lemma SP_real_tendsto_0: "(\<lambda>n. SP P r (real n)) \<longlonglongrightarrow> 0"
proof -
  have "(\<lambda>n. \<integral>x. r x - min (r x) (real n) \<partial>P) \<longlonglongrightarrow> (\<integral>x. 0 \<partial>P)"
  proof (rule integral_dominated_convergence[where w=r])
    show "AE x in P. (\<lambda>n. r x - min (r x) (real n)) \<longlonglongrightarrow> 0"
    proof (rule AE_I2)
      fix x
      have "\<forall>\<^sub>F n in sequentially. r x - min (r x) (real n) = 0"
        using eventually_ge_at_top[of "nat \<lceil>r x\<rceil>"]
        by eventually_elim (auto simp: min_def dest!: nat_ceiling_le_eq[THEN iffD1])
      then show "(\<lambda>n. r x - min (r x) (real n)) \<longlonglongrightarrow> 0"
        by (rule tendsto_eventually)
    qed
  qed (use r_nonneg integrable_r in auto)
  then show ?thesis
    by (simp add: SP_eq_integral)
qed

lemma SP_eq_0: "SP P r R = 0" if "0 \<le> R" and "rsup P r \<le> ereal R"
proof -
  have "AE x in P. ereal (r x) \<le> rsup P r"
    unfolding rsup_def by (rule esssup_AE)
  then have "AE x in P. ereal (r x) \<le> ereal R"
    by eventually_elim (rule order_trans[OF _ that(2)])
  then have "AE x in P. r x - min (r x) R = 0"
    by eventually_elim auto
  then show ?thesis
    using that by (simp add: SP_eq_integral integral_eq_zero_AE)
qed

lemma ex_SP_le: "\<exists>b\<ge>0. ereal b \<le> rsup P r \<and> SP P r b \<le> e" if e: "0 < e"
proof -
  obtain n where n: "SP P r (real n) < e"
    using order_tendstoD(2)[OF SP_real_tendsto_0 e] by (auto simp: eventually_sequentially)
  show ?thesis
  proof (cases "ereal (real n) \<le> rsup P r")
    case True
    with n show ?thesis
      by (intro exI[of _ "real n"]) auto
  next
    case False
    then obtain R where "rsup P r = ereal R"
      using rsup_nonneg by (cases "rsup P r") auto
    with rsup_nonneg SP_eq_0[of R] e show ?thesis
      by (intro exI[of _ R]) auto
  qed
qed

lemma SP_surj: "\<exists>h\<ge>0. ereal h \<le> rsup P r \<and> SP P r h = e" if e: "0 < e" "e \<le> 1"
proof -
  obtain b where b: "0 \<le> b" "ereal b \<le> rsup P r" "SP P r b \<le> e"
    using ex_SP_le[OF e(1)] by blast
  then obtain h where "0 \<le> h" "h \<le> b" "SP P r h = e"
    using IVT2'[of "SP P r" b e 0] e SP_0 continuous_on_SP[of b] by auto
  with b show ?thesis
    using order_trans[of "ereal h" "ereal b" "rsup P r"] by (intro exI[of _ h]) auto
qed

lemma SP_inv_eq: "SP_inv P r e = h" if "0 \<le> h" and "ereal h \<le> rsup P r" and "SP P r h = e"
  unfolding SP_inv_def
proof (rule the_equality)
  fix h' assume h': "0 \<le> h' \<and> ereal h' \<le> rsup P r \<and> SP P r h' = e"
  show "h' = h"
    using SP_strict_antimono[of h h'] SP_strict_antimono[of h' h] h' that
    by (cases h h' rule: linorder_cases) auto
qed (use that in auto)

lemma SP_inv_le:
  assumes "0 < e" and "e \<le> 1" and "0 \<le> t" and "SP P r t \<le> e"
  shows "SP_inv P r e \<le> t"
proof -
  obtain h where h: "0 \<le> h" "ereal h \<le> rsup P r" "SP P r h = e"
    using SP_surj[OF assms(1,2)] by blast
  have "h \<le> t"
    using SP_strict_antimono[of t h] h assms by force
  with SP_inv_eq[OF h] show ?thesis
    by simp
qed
--
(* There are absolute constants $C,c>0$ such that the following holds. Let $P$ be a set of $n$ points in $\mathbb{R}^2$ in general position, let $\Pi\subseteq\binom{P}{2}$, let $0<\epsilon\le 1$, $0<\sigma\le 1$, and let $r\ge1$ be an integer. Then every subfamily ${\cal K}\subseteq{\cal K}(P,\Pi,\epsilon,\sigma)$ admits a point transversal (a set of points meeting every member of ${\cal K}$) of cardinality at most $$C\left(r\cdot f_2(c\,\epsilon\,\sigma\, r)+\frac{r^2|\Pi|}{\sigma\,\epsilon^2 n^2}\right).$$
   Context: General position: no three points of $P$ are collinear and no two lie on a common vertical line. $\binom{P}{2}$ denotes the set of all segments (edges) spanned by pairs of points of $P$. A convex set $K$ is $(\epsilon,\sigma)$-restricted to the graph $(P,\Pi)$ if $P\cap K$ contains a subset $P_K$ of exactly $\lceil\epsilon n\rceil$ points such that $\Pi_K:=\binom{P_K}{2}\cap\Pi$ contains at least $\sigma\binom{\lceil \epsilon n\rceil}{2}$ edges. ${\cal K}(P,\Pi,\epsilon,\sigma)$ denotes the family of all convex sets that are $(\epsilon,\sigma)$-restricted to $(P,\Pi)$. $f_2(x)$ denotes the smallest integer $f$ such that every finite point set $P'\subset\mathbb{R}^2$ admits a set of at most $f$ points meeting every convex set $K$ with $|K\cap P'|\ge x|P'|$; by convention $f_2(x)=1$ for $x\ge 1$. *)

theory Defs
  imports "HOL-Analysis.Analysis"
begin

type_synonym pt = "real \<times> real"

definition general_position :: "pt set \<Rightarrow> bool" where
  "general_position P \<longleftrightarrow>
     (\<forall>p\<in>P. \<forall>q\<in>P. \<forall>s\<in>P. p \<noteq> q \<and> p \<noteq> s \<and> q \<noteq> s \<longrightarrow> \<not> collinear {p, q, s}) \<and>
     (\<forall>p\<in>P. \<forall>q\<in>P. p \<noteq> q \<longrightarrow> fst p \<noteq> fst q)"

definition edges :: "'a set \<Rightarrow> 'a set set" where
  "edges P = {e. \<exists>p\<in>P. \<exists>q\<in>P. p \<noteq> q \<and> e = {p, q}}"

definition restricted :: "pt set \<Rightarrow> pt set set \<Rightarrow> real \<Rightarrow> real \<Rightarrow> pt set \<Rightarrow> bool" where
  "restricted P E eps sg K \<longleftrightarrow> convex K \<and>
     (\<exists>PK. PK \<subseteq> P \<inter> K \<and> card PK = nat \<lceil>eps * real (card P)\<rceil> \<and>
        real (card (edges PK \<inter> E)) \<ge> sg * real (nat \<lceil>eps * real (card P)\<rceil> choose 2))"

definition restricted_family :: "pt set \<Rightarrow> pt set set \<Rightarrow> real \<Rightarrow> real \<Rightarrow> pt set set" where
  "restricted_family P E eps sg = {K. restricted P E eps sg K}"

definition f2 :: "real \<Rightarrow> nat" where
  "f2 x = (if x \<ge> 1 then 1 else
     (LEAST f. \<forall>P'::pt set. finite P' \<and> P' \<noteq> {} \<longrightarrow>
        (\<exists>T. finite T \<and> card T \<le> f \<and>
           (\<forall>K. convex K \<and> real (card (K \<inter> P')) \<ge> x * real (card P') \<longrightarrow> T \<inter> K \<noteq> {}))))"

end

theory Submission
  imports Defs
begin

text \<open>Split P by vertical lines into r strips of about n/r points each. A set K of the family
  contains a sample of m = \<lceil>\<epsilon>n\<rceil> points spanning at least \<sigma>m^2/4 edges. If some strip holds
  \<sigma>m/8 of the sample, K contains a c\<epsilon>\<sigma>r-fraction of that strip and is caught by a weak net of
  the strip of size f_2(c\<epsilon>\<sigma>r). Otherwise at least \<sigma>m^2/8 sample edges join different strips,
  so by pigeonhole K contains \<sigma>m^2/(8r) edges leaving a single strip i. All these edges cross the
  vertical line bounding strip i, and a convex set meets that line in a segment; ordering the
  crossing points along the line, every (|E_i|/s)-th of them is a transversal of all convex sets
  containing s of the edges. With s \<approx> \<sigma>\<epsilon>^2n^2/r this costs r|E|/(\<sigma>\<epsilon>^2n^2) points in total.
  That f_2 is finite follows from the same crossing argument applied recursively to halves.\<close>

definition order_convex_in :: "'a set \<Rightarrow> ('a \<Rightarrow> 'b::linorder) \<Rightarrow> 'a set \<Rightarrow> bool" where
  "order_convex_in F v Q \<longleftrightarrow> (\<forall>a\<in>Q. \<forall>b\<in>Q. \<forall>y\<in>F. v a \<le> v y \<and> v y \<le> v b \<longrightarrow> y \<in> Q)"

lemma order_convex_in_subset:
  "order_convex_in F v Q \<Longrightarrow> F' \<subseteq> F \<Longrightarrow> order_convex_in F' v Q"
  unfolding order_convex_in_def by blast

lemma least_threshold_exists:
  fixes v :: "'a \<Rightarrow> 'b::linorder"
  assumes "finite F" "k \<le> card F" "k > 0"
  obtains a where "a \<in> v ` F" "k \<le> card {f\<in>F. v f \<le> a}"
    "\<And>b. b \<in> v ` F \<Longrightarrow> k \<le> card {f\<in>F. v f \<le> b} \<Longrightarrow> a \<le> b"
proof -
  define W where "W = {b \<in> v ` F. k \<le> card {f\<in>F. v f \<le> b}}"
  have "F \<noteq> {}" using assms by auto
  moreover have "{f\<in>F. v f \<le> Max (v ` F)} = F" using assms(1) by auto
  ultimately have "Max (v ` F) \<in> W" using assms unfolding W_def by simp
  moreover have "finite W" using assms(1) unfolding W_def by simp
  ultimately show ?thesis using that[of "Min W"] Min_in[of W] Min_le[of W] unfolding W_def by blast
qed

**What to produce**:
Select and copy every line from the records that includes the word "assms".

**Answer space**:
    using SP_surj[OF assms(1,2)] by blast
    using SP_strict_antimono[of t h] h assms by force
  have "F \<noteq> {}" using assms by auto
  moreover have "{f\<in>F. v f \<le> Max (v ` F)} = F" using assms(1) by auto
  ultimately have "Max (v ` F) \<in> W" using assms unfolding W_def by simp
  moreover have "finite W" using assms(1) unfolding W_def by simp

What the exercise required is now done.